■ **What you are asked to do**: Please write each record out again word for word.

■ **Records to process**:
■ ■ ■ ■ ■

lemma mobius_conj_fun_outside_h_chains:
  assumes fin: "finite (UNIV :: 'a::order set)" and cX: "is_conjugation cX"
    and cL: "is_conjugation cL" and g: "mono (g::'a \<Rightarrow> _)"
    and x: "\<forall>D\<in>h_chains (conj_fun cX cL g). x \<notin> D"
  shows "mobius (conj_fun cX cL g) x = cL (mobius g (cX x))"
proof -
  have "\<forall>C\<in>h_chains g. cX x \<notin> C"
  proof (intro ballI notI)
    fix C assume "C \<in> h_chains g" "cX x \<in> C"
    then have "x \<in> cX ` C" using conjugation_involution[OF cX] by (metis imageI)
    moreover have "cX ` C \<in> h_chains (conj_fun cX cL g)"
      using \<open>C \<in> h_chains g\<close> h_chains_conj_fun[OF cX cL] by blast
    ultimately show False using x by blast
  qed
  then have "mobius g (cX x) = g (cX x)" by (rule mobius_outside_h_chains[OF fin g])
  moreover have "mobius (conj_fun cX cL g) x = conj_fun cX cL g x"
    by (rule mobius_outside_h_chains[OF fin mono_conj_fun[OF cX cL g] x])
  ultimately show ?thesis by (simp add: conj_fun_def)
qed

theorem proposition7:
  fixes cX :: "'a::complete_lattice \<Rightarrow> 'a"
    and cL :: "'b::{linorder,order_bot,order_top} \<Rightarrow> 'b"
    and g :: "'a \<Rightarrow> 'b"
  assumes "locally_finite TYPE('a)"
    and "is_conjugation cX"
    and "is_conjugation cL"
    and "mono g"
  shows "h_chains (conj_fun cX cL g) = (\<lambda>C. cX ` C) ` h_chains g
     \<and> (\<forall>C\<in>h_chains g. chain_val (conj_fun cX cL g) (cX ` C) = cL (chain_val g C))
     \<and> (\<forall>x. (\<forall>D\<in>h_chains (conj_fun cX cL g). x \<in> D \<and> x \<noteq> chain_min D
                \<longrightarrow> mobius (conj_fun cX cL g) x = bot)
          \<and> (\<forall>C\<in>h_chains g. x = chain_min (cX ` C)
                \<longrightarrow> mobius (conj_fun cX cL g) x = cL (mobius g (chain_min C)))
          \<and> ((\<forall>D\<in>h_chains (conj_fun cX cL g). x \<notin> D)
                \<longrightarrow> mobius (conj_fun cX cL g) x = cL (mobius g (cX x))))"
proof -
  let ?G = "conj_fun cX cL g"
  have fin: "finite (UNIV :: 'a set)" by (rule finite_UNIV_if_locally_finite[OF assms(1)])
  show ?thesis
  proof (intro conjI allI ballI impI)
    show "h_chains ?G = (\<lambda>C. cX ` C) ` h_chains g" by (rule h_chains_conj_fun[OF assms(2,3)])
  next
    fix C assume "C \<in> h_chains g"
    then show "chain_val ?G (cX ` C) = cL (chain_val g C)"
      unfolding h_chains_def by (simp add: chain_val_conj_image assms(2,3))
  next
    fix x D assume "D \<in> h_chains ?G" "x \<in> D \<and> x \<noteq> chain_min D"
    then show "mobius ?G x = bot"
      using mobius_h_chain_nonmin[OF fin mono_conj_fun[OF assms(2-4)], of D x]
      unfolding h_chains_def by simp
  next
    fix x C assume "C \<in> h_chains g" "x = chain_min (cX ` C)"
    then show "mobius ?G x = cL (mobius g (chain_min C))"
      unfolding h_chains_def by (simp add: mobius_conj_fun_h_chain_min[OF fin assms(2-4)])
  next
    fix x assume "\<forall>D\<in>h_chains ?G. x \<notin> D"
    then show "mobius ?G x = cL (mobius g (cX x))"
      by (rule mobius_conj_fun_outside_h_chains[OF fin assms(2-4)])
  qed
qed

■ ■ ■ ■ ■

■ **Answer box**:
lemma mobius_conj_fun_outside_h_chains:
  assumes fin: "finite (UNIV :: 'a::order set)" and cX: "is_conjugation cX"
    and cL: "is_conjugation cL" and g: "mono (g::'a \<Rightarrow> _)"
    and x: "\<forall>D\<in>h_chains (conj_fun cX cL g). x \<notin> D"
  shows "mobius (conj_fun cX cL g) x = cL (mobius g (cX x))"
proof -
  have "\<forall>C\<in>h_chains g. cX x \<notin> C"
  proof (intro ballI notI)
    fix C assume "C \<in> h_chains g" "cX x \<in> C"
    then have "x \<in> cX ` C" using conjugation_involution[OF cX] by (metis imageI)
    moreover have "cX ` C \<in> h_chains (conj_fun cX cL g)"
      using \<open>C \<in> h_chains g\<close> h_chains_conj_fun[OF cX cL] by blast
    ultimately show False using x by blast
  qed
  then have "mobius g (cX x) = g (cX x)" by (rule mobius_outside_h_chains[OF fin g])
  moreover have "mobius (conj_fun cX cL g) x = conj_fun cX cL g x"
    by (rule mobius_outside_h_chains[OF fin mono_conj_fun[OF cX cL g] x])
  ultimately show ?thesis by (simp add: conj_fun_def)
qed

theorem proposition7:
  fixes cX :: "'a::complete_lattice \<Rightarrow> 'a"
    and cL :: "'b::{linorder,order_bot,order_top} \<Rightarrow> 'b"
    and g :: "'a \<Rightarrow> 'b"
  assumes "locally_finite TYPE('a)"
    and "is_conjugation cX"
    and "is_conjugation cL"
    and "mono g"
  shows "h_chains (conj_fun cX cL g) = (\<lambda>C. cX ` C) ` h_chains g
     \<and> (\<forall>C\<in>h_chains g. chain_val (conj_fun cX cL g) (cX ` C) = cL (chain_val g C))
     \<and> (\<forall>x. (\<forall>D\<in>h_chains (conj_fun cX cL g). x \<in> D \<and> x \<noteq> chain_min D
                \<longrightarrow> mobius (conj_fun cX cL g) x = bot)
          \<and> (\<forall>C\<in>h_chains g. x = chain_min (cX ` C)
                \<longrightarrow> mobius (conj_fun cX cL g) x = cL (mobius g (chain_min C)))
          \<and> ((\<forall>D\<in>h_chains (conj_fun cX cL g). x \<notin> D)
                \<longrightarrow> mobius (conj_fun cX cL g) x = cL (mobius g (cX x))))"
proof -
  let ?G = "conj_fun cX cL g"
  have fin: "finite (UNIV :: 'a set)" by (rule finite_UNIV_if_locally_finite[OF assms(1)])
  show ?thesis
  proof (intro conjI allI ballI impI)
    show "h_chains ?G = (\<lambda>C. cX ` C) ` h_chains g" by (rule h_chains_conj_fun[OF assms(2,3)])
  next
    fix C assume "C \<in> h_chains g"
    then show "chain_val ?G (cX ` C) = cL (chain_val g C)"
      unfolding h_chains_def by (simp add: chain_val_conj_image assms(2,3))
  next
    fix x D assume "D \<in> h_chains ?G" "x \<in> D \<and> x \<noteq> chain_min D"
    then show "mobius ?G x = bot"
      using mobius_h_chain_nonmin[OF fin mono_conj_fun[OF assms(2-4)], of D x]
      unfolding h_chains_def by simp
  next
    fix x C assume "C \<in> h_chains g" "x = chain_min (cX ` C)"
    then show "mobius ?G x = cL (mobius g (chain_min C))"
      unfolding h_chains_def by (simp add: mobius_conj_fun_h_chain_min[OF fin assms(2-4)])
  next
    fix x assume "\<forall>D\<in>h_chains ?G. x \<notin> D"
    then show "mobius ?G x = cL (mobius g (cX x))"
      by (rule mobius_conj_fun_outside_h_chains[OF fin assms(2-4)])
  qed
qed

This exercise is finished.